> _Action item_: Tally the lines in the entries below where the string "omega" occurs. Reply with the total alone.

> _Listed entries_:

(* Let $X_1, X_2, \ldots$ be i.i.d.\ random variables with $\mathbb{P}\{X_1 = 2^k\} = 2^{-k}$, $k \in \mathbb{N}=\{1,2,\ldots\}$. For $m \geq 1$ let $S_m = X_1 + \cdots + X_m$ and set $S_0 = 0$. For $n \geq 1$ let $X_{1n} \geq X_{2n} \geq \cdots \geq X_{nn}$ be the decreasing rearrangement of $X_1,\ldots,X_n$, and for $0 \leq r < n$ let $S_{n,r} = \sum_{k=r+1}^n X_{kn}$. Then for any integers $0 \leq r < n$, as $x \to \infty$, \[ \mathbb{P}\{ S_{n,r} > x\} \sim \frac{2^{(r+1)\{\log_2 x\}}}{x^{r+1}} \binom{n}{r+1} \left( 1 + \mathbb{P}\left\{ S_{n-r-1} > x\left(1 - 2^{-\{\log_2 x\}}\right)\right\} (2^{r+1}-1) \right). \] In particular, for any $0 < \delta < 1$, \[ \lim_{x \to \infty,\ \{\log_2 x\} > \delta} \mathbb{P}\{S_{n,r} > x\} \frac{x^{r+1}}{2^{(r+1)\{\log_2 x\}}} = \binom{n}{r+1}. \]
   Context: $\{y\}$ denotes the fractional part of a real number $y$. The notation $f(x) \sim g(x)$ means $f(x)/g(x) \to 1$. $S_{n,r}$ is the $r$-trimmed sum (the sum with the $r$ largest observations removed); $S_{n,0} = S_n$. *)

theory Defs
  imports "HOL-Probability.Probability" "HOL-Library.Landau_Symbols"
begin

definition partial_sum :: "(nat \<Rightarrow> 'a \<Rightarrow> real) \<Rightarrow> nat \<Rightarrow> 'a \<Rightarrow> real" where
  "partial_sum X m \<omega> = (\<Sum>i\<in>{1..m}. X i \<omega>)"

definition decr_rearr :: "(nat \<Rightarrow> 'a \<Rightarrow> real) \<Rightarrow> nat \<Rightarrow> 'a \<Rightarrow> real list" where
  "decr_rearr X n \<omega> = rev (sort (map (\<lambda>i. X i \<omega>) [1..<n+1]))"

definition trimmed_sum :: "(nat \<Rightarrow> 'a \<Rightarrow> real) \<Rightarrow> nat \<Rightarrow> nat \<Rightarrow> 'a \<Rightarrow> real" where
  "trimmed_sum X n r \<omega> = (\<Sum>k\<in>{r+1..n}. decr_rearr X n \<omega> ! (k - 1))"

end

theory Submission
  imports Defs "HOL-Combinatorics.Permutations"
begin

> _Answer space_: 3